[Start of section]

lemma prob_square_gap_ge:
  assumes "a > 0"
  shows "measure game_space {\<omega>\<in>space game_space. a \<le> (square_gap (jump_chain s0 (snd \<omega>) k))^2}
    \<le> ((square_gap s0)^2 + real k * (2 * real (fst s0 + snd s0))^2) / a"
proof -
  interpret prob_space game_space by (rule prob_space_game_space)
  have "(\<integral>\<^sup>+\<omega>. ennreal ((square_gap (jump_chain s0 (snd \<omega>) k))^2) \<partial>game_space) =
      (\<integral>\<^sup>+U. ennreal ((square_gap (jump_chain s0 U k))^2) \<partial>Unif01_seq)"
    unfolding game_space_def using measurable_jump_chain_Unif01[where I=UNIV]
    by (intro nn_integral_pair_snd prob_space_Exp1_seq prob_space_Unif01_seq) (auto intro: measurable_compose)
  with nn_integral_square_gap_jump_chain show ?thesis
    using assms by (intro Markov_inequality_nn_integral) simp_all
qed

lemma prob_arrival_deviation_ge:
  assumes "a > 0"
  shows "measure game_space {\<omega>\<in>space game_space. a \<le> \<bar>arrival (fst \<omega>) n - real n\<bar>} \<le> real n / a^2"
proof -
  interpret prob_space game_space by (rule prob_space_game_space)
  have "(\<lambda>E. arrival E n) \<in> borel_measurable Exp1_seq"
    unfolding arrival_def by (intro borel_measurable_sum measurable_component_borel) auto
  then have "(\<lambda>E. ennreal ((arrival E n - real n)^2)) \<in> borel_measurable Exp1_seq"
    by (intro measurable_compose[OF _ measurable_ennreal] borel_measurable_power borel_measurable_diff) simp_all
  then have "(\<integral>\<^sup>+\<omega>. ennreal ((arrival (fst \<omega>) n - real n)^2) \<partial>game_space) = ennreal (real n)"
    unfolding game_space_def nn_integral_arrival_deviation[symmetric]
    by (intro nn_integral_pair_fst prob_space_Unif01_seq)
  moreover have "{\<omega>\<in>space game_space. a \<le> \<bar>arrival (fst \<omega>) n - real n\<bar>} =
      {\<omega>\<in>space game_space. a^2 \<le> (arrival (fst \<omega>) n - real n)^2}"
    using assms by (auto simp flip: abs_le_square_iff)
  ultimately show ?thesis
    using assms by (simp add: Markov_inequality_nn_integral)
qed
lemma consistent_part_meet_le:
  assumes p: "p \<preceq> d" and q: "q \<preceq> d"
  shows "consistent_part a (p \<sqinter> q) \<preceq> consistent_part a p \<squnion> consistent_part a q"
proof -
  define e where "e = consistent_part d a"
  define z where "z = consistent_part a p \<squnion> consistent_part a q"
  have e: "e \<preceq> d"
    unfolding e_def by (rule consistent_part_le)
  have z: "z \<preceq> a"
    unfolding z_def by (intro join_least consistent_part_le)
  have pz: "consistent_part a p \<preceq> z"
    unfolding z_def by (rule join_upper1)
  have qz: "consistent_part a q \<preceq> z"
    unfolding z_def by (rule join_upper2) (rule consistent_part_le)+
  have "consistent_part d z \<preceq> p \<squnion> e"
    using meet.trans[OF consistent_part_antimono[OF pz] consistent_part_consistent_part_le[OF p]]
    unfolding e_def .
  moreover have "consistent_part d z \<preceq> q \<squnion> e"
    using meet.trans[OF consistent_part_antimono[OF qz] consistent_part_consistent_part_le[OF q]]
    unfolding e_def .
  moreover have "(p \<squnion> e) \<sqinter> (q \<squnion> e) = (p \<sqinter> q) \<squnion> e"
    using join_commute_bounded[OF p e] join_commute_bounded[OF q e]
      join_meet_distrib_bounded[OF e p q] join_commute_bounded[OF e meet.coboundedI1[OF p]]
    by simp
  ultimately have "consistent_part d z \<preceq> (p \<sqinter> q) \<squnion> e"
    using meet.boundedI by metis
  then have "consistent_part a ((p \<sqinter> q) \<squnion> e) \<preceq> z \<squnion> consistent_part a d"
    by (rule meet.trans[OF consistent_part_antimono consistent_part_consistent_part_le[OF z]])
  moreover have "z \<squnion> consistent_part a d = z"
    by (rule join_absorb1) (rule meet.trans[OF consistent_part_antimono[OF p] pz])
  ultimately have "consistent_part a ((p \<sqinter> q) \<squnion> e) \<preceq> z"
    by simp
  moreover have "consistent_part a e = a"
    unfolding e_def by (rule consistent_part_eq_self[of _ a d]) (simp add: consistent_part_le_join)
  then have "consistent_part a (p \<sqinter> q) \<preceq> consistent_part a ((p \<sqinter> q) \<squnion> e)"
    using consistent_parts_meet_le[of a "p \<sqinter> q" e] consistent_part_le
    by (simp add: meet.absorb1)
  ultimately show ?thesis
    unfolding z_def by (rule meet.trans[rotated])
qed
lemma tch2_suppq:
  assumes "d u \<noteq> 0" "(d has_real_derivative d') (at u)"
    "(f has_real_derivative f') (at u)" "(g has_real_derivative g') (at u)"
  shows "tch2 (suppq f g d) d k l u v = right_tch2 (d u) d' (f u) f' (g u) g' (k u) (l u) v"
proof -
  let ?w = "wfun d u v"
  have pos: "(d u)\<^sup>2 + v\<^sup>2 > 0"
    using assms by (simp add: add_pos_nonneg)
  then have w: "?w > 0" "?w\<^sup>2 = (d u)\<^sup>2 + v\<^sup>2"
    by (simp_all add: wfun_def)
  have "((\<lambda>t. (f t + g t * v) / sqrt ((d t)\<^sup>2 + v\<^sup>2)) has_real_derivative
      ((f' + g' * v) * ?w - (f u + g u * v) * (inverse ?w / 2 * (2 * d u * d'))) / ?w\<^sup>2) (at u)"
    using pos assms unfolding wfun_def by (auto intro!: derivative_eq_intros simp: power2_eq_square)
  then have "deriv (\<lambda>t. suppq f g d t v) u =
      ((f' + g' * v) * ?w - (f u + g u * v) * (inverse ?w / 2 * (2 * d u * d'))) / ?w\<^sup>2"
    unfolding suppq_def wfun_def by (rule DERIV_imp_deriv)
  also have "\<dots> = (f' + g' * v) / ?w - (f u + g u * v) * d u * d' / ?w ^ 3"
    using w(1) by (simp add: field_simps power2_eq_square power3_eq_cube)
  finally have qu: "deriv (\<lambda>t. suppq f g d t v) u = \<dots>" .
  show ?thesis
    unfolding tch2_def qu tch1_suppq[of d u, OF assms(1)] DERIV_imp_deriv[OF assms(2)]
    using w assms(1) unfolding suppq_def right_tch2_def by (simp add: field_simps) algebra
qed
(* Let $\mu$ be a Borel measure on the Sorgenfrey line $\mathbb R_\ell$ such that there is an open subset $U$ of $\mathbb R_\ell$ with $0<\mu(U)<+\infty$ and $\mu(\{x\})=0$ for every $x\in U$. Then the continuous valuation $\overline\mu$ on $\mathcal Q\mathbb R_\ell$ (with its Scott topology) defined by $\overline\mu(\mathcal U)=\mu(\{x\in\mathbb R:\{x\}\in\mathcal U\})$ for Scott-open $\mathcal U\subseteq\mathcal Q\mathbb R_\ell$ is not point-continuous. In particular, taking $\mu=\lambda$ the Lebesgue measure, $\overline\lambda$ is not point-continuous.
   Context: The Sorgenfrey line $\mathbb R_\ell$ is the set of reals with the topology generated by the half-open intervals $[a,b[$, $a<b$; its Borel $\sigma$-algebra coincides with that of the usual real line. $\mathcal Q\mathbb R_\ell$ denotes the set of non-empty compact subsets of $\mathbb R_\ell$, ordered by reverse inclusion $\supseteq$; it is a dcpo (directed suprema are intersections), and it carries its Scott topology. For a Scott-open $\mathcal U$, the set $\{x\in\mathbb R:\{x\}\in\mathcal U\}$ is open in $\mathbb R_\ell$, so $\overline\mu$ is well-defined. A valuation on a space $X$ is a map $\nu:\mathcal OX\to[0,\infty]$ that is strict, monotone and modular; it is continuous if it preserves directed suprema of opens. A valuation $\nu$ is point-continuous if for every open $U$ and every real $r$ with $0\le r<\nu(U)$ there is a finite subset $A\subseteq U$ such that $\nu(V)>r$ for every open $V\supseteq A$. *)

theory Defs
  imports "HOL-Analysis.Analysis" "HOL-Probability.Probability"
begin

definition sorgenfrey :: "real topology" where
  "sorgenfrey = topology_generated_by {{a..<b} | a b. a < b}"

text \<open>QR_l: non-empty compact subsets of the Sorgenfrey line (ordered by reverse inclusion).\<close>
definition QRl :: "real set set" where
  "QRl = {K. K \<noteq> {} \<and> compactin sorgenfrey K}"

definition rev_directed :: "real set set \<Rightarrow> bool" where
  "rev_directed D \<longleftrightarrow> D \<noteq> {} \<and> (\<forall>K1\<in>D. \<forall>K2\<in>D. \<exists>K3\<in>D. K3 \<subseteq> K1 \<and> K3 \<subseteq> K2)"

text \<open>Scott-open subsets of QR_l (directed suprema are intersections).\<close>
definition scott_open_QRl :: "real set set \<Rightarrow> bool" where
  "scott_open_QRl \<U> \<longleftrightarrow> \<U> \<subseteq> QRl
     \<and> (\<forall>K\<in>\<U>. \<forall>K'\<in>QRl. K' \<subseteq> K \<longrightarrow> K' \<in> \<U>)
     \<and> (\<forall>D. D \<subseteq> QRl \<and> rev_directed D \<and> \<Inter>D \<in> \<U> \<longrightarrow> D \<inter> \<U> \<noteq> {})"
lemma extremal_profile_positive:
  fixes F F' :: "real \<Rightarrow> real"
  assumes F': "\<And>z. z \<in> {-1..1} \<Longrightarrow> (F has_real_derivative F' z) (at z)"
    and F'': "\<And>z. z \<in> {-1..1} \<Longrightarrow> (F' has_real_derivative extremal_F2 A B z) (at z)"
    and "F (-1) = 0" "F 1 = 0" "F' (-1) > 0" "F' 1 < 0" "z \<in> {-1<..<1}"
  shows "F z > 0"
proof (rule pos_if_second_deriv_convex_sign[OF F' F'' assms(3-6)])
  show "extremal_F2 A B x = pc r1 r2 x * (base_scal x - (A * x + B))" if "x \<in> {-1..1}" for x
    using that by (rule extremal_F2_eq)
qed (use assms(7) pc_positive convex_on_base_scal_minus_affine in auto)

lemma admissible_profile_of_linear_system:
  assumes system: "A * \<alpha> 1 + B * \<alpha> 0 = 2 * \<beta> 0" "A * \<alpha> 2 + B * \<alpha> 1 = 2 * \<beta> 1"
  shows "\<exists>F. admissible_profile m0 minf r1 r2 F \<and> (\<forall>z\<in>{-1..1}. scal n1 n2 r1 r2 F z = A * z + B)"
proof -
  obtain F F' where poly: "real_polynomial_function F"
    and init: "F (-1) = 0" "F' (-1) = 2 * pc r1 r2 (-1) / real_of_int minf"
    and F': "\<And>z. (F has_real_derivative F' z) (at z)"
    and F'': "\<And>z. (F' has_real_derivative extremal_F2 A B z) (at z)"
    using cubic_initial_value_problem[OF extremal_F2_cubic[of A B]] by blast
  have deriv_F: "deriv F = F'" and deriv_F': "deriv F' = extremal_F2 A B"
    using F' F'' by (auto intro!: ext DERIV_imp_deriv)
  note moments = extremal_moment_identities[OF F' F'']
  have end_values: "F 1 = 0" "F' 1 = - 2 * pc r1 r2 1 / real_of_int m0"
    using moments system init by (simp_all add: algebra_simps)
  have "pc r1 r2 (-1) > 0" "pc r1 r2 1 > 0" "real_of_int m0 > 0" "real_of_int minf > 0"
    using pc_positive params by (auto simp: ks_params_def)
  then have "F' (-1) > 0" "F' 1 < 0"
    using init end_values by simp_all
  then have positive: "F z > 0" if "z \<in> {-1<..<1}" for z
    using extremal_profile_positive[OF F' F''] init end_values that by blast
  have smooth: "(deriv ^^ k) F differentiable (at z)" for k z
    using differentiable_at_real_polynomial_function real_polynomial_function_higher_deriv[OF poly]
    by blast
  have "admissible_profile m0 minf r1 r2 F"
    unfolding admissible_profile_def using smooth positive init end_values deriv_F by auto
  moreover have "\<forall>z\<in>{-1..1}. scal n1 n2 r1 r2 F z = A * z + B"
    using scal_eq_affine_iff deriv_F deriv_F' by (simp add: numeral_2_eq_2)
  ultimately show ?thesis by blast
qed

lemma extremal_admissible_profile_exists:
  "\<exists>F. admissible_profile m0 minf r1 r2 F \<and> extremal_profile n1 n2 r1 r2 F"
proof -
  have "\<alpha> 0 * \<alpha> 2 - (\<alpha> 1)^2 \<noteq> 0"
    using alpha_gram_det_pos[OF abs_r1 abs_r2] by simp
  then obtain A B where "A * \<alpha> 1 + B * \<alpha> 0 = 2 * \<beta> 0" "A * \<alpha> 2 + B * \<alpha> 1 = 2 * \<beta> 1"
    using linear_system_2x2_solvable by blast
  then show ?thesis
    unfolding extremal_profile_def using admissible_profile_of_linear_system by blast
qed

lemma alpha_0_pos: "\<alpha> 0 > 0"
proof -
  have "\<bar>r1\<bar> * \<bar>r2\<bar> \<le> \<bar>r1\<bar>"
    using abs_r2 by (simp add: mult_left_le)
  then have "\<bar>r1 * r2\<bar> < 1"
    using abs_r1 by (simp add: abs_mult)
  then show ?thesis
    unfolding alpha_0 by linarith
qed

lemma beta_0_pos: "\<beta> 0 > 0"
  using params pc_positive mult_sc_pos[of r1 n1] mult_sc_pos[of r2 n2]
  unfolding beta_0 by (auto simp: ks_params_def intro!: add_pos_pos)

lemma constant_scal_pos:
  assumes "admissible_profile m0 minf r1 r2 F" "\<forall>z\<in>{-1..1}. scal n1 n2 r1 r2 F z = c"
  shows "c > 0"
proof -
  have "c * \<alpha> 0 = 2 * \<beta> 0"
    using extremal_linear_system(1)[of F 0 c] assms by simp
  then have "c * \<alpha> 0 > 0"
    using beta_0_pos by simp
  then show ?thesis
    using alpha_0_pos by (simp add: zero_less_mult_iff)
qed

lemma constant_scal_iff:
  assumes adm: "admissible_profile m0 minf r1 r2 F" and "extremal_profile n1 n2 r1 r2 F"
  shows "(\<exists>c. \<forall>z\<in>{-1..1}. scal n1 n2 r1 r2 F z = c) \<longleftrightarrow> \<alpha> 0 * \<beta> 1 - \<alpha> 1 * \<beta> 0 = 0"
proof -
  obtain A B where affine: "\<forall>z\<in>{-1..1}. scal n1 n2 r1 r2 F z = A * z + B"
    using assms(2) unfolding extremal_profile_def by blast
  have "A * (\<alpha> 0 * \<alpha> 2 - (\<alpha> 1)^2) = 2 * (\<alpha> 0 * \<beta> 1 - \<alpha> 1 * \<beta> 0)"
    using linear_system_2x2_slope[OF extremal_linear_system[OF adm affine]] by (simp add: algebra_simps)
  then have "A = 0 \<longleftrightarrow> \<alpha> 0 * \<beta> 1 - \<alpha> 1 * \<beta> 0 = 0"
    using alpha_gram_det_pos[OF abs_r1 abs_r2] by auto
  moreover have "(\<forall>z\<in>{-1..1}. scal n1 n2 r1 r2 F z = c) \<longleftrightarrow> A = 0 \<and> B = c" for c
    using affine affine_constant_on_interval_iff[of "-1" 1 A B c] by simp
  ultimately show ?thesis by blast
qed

[End of section]
[Start of section]

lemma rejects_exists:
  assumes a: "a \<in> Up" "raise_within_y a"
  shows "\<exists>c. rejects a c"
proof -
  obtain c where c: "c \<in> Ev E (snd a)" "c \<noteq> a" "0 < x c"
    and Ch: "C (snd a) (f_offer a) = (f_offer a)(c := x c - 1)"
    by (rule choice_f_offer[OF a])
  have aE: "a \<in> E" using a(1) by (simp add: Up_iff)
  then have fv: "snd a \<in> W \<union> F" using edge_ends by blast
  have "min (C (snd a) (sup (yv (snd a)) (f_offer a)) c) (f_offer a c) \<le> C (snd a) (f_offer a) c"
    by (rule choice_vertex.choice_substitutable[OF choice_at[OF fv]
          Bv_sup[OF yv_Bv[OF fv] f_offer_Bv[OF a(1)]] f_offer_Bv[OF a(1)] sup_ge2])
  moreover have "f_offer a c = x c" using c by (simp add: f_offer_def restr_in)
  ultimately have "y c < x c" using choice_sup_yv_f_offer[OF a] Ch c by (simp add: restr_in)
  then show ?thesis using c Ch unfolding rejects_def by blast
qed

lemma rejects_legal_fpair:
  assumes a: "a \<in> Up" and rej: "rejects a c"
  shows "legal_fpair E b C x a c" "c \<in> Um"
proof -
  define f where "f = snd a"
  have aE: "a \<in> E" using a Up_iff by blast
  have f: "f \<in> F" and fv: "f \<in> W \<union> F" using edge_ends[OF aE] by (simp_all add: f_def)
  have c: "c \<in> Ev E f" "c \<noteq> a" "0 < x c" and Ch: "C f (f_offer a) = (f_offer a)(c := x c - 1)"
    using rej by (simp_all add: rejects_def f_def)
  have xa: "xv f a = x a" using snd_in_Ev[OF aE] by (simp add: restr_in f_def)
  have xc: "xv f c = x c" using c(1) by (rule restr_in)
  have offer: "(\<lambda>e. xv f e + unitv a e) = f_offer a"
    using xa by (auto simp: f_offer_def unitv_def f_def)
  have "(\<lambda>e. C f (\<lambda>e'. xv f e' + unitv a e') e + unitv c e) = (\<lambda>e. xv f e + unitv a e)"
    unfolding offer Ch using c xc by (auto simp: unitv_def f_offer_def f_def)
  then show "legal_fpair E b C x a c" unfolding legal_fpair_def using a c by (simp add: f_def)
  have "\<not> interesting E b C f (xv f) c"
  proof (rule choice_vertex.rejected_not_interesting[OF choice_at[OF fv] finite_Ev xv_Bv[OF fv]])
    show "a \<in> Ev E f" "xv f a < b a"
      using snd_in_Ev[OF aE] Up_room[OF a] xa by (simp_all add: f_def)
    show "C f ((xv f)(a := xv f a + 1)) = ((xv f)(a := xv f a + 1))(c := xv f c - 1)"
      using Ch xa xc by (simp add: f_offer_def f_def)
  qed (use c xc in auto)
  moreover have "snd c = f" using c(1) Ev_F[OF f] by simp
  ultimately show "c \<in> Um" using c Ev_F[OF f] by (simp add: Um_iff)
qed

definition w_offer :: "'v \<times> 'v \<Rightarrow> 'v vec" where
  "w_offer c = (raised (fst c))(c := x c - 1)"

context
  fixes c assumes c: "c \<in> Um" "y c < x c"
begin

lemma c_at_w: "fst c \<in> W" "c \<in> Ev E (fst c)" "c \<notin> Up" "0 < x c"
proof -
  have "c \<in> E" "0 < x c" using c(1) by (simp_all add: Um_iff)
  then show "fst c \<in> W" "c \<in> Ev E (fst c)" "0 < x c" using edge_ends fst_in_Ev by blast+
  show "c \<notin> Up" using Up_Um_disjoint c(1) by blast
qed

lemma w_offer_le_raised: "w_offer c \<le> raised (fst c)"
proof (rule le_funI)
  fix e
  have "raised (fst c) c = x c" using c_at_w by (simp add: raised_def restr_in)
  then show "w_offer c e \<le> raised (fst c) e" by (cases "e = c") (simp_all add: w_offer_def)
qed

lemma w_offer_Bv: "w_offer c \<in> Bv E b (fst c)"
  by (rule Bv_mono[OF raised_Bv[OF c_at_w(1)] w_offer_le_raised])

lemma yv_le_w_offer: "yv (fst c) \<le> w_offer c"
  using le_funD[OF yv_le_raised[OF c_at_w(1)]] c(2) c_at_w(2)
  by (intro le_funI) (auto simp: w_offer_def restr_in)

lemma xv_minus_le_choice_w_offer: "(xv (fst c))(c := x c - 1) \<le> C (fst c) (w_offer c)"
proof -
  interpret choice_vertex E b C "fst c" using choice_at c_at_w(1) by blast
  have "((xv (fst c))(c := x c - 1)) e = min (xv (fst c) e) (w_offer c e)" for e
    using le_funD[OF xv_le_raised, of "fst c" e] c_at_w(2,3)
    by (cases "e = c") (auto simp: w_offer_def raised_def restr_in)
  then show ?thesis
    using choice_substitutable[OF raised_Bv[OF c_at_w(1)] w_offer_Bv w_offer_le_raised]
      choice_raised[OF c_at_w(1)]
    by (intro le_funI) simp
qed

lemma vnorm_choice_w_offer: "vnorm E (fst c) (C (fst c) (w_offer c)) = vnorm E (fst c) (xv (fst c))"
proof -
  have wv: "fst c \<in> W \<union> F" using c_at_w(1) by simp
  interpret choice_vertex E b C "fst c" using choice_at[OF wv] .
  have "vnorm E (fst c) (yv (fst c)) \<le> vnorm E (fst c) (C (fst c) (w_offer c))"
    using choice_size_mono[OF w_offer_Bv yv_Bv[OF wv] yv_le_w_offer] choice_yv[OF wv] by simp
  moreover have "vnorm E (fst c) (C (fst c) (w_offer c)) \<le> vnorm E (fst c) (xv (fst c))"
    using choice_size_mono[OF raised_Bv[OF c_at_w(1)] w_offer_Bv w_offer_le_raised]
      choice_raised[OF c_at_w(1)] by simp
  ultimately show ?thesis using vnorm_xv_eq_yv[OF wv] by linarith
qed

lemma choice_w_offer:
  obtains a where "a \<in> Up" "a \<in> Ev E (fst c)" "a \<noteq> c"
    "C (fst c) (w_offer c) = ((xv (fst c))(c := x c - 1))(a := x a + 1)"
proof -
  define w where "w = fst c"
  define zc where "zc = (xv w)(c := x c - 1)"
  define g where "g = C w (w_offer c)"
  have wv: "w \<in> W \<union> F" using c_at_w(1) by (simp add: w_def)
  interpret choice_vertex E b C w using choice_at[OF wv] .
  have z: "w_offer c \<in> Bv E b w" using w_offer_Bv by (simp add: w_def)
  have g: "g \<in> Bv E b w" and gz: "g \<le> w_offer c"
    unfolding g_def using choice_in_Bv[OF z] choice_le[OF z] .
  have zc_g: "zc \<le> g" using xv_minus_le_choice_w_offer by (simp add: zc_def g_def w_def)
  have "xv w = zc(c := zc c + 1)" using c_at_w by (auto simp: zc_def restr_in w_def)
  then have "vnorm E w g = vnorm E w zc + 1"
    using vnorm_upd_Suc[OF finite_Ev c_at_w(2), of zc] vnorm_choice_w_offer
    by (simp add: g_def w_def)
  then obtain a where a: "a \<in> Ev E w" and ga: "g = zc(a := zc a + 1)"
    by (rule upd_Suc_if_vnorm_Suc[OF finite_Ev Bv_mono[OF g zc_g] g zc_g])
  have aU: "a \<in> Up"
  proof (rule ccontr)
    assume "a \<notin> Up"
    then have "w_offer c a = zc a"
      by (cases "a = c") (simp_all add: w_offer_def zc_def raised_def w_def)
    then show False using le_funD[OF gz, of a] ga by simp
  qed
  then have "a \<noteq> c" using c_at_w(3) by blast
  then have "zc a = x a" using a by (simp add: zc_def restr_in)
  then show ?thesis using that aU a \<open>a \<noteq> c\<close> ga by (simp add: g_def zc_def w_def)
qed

[End of section]

Assignment = From the entries, report every line in which the string "fixes" occurs.

Answer to this task =
  fixes F F' :: "real \<Rightarrow> real"
  fixes c assumes c: "c \<in> Um" "y c < x c"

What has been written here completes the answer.